E esse numero deu sorte. Petkovic, juntamente com nada mais e nada menos que Adriano Imperador, guiaram o rubro-negro para o hexacampeonato nacional. O gringo fez jogos memoráveis como o 2 a 0 contra o Palmeiras, no antigo Parque Antártica, onde marcou os dois tentos, e o 3 a 1 no Atlético Mineiro, no Mineirão, jogo o qual marcou um gol olímpico. A boa fase de Pet rendeu até um funk.
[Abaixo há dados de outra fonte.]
text \<open>Two members of the family covering \<open>Q - {z}\<close> and \<open>Q - {z'}\<close> share \<open>|Q| - 2 \<ge> n - 1\<close>
  points, so they coincide.\<close>
lemma clique_covered:
  assumes "clique n (A1 \<union> A2) SD Q"
  shows "\<exists>V\<in>FA. Q \<subseteq> V"
  using assms
proof (induction "card Q" arbitrary: Q rule: less_induct)
  case less
  have fQ: "finite Q" and cQ: "n \<le> card Q"
    using less.prems by (auto simp: clique_def)
  show ?case
  proof (cases "card Q = n")
    case True
    hence "Q \<in> SD" using less.prems by (auto simp: clique_def)
    thus ?thesis unfolding amalg_S_iff by blast
  next
    case False
    hence cQ': "n + 1 \<le> card Q" using cQ by simp
    hence "1 < card Q" using n_pos by simp
    then obtain z z' where z: "z \<in> Q" "z' \<in> Q" "z \<noteq> z'"
      using card_le_Suc0_iff_eq[OF fQ] by (auto simp: not_le[symmetric])
    have cover: "\<exists>V\<in>FA. Q - {y} \<subseteq> V" if "y \<in> Q" for y
    proof -
      have "card (Q - {y}) = card Q - 1" using that fQ by simp
      moreover have "clique n (A1 \<union> A2) SD (Q - {y})"
        by (rule clique_subclique[OF less.prems]) (use calculation cQ' in auto)
      ultimately show ?thesis using less.hyps[of "Q - {y}"] cQ' by simp
    qed
    obtain V where V: "V \<in> FA" "Q - {z} \<subseteq> V" using cover[OF z(1)] by blast
    obtain V' where V': "V' \<in> FA" "Q - {z'} \<subseteq> V'" using cover[OF z(2)] by blast
    have "V = V'"
    proof (rule ccontr)
      assume ne: "V \<noteq> V'"
      have "card (Q - {z, z'}) = card Q - 2" using z fQ by (simp add: card_Diff_subset)
      moreover have "card (Q - {z, z'}) \<le> card (V \<inter> V')"
        using V V' FA_props(1)[OF V(1)] by (intro card_mono) auto
      ultimately show False using card_Int_FA_le[OF V(1) V'(1) ne] cQ' by linarith
    qed
    hence "Q \<subseteq> V" using V V' z by auto
    thus ?thesis using V by blast
  qed
qed

lemma maxcliques_amalg: "maxcliques n (A1 \<union> A2) SD = FA"
proof
  show "maxcliques n (A1 \<union> A2) SD \<subseteq> FA"
  proof
    fix K assume K: "K \<in> maxcliques n (A1 \<union> A2) SD"
    obtain V where V: "V \<in> FA" "K \<subseteq> V"
      using clique_covered[OF maxclique_clique[OF K]] by blast
    thus "K \<in> FA" using maxclique_maximal[OF K clique_FA[OF V(1)] V(2)] by simp
  qed
next
  show "FA \<subseteq> maxcliques n (A1 \<union> A2) SD"
  proof
    fix V assume V: "V \<in> FA"
    have "K' = V" if cK': "clique n (A1 \<union> A2) SD K'" and VK': "V \<subseteq> K'" for K'
    proof -
      obtain V' where "V' \<in> FA" "K' \<subseteq> V'" using clique_covered[OF cK'] by blast
      thus ?thesis using FA_antichain[OF V] VK' by blast
    qed
    thus "V \<in> maxcliques n (A1 \<union> A2) SD"
      unfolding maxcliques_def using clique_FA[OF V] by blast
  qed
qed

lemma delta_on_amalg:
  assumes "X \<subseteq> A1 \<union> A2"
  shows "delta_on n SD X = delta_fam n FA X"
proof -
  have fin: "finite (A1 \<union> A2)" using finite_A1 finite_A2 by simp
  have lin: "card (K \<inter> L) < n"
    if "K \<in> maxcliques n (A1 \<union> A2) SD" "L \<in> maxcliques n (A1 \<union> A2) SD" "K \<noteq> L" for K L
    using card_Int_FA_le that unfolding maxcliques_amalg by fastforce
  have "delta_on n SD X = delta_fam n (maxcliques n (A1 \<union> A2) SD) X"
    by (rule delta_on_eq_delta_fam[OF fin assms lin])
  thus ?thesis unfolding maxcliques_amalg .
qed

lemma geometric_amalg: "geometric n (A1 \<union> A2) SD"
  unfolding geometric_def maxcliques_amalg
proof (intro allI impI)
  fix X assume "X \<subseteq> A1 \<union> A2 \<and> finite X \<and> n \<le> card X \<and> delta_on n SD X < int n"
  hence XA: "X \<subseteq> A1 \<union> A2" and big: "n \<le> card X" and F: "delta_fam n FA X \<le> int n - 1"
    using delta_on_amalg[of X] by auto
  obtain V where V: "V \<in> FA" "X \<subseteq> V"
    using covered_if_delta_fam_le[OF XA big F] .
  have "V' = V" if "V' \<in> FA" "X \<subseteq> V'" for V'
  proof (rule ccontr)
    assume ne: "V' \<noteq> V"
    have "card X \<le> card (V' \<inter> V)"
      using FA_props(1)[OF V(1)] V that by (intro card_mono) auto
    thus False using card_Int_FA_le[OF that(1) V(1) ne] big by linarith
  qed
  thus "\<exists>!K. K \<in> FA \<and> X \<subseteq> K" using V by blast
qed

end

text \<open>For \<open>n = 0\<close> the only possible witness of \<open>\<delta> < 0\<close> forces \<open>{} \<in> S\<close>, and then \<open>A\<close> itself
  is the unique maximal clique.\<close>
lemma geometric_0:
  assumes fA: "finite A"
  shows "geometric 0 A S"
  unfolding geometric_def
proof (intro allI impI)
  fix X assume X: "X \<subseteq> A \<and> finite X \<and> 0 \<le> card X \<and> delta_on 0 S X < int 0"
  have "{} \<in> S"
  proof (rule ccontr)
    assume "{} \<notin> S"
    hence "maxcliques 0 X (induced S X) = {}"
      unfolding maxcliques_def clique_def induced_def by auto
    hence "delta_on 0 S X = int (card X)"
      unfolding delta_on_def delta_def s_count_def by simp
    thus False using X by simp
  qed
  hence clique_iff: "clique 0 A S K \<longleftrightarrow> K \<subseteq> A" for K
    unfolding clique_def using fA by (auto intro: finite_subset dest: finite_subset)
  have "maxcliques 0 A S = {A}"
    unfolding maxcliques_def clique_iff by auto
  thus "\<exists>!K. K \<in> maxcliques 0 A S \<and> X \<subseteq> K" using X by auto
qed

theorem mainTheorem1:
  fixes n :: nat and A1 A2 :: "'a set" and S1 S2 :: "'a set set"
  assumes "Cgeo n A1 S1" and "Cgeo n A2 S2"
    and "induced S1 (A1 \<inter> A2) = induced S2 (A1 \<inter> A2)"
    and "strong_sub n (A1 \<inter> A2) A1 S1"
  shows "Cgeo n (A1 \<union> A2) (amalg_S n A1 S1 A2 S2)"
proof -
  have fin: "finite (A1 \<union> A2)" using assms(1,2) by (simp add: Cgeo_def)
  have "struct n (A1 \<union> A2) (amalg_S n A1 S1 A2 S2)"
    unfolding struct_def amalg_S_def by auto
  moreover have "geometric n (A1 \<union> A2) (amalg_S n A1 S1 A2 S2)"
  proof (cases "n = 0")
    case True
    thus ?thesis using geometric_0[OF fin] by simp
  next
    case False
    then interpret strong_amalgam n A1 A2 S1 S2
      using assms by unfold_locales (auto simp: Cgeo_def)
    show ?thesis by (rule geometric_amalg)
  qed
  ultimately show ?thesis unfolding Cgeo_def using fin by simp
qed

end
lemma fm_elim_solvable:
  assumes "finite A" "finite V" "v0 \<notin> V" "\<forall>c\<in>fm_elim v0 A. constraint_holds V x c"
  shows "\<exists>\<tau>. \<forall>c\<in>A. constraint_holds (insert v0 V) (x(v0 := \<tau>)) c"
proof -
  define R where "R c = (\<Sum>v\<in>V. fst c v * x v)" for c :: "'a lin_constraint"
  define \<beta> where "\<beta> c = (snd c - R c) / fst c v0" for c :: "'a lin_constraint"
  define P N where "P = {p\<in>A. 0 < fst p v0}" and "N = {n\<in>A. fst n v0 < 0}"
  have holds_upd: "constraint_holds (insert v0 V) (x(v0 := \<tau>)) c \<longleftrightarrow> snd c - R c \<le> \<tau> * fst c v0"
    for c \<tau>
  proof -
    have "(\<Sum>v\<in>V. fst c v * (x(v0 := \<tau>)) v) = R c"
      unfolding R_def using assms(3) by (intro sum.cong) auto
    then show ?thesis
      using assms(2,3) by (simp add: constraint_holds_def algebra_simps)
  qed
  have "\<beta> p \<le> \<beta> n" if "p \<in> P" "n \<in> N" for p n
  proof -
    have "fm_comb v0 p n \<in> fm_elim v0 A"
      using that by (force simp: fm_elim_def P_def N_def)
    then have "constraint_holds V x (fm_comb v0 p n)"
      using assms(4) by blast
    moreover have "0 < fst p v0" "fst n v0 < 0"
      using that by (simp_all add: P_def N_def)
    ultimately show ?thesis
      unfolding \<beta>_def R_def by (rule fm_comb_bounds)
  qed
  then obtain \<tau> where lo: "\<forall>p\<in>P. \<beta> p \<le> \<tau>" and hi: "\<forall>n\<in>N. \<tau> \<le> \<beta> n"
    using exists_between_finite[of "\<beta> ` P" "\<beta> ` N"] assms(1) by (auto simp: P_def N_def)
  have "constraint_holds (insert v0 V) (x(v0 := \<tau>)) c" if "c \<in> A" for c
  proof (cases "fst c v0" "0::real" rule: linorder_cases)
    case less
    then have "\<tau> \<le> \<beta> c" using hi that unfolding N_def by blast
    then show ?thesis using less by (simp add: holds_upd \<beta>_def neg_le_divide_eq)
  next
    case equal
    then have "c \<in> fm_elim v0 A" using that by (simp add: fm_elim_def)
    then have "constraint_holds V x c" using assms(4) by blast
    then show ?thesis
      unfolding holds_upd using equal by (simp add: constraint_holds_def R_def)
  next
    case greater
    then have "\<beta> c \<le> \<tau>" using lo that unfolding P_def by blast
    then show ?thesis using greater by (simp add: holds_upd \<beta>_def pos_divide_le_eq)
  qed
  then show ?thesis by blast
qed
No outro ano, Petkovic se manteve no Mengão. As expectativas no clube carioca eram altas, tendo em vista o último ano do time, porém, as boas atuações não se repetiram. O clube foi derrotado pelo Botafogo na Taça Rio, perdeu o estadual, foi eliminado nas quartas de final contra a Universidad do Chile e o clima no vestiário não era bom. Uma briga do sérvio com o ex goleiro Bruno chegou a ir a público. Pet ainda terminou o ano como artilheiro da equipe no Brasileirão de 2010, com cinco gols.

Em 2011, participou somente da sua partida de despedida do Flamengo, no Engenhão, contra o Corinthians, em um empate de 1 a 1, no qual o gringo jogou só o primeiro tempo. No intervalo, foi homenageado pela diretoria do clube e ovacionado pelos torcedores na volta olímpica.

Atualmente, Petkovic é treinador de futebol e teve passagens por Criciúma, Sampaio Correia e pela base do Atlético Paranaense. Este ano ainda está sem clube. Fora do mundo da bola, é dono de uma pizzaria no Rio de Janeiro, na Barra da Tijuca.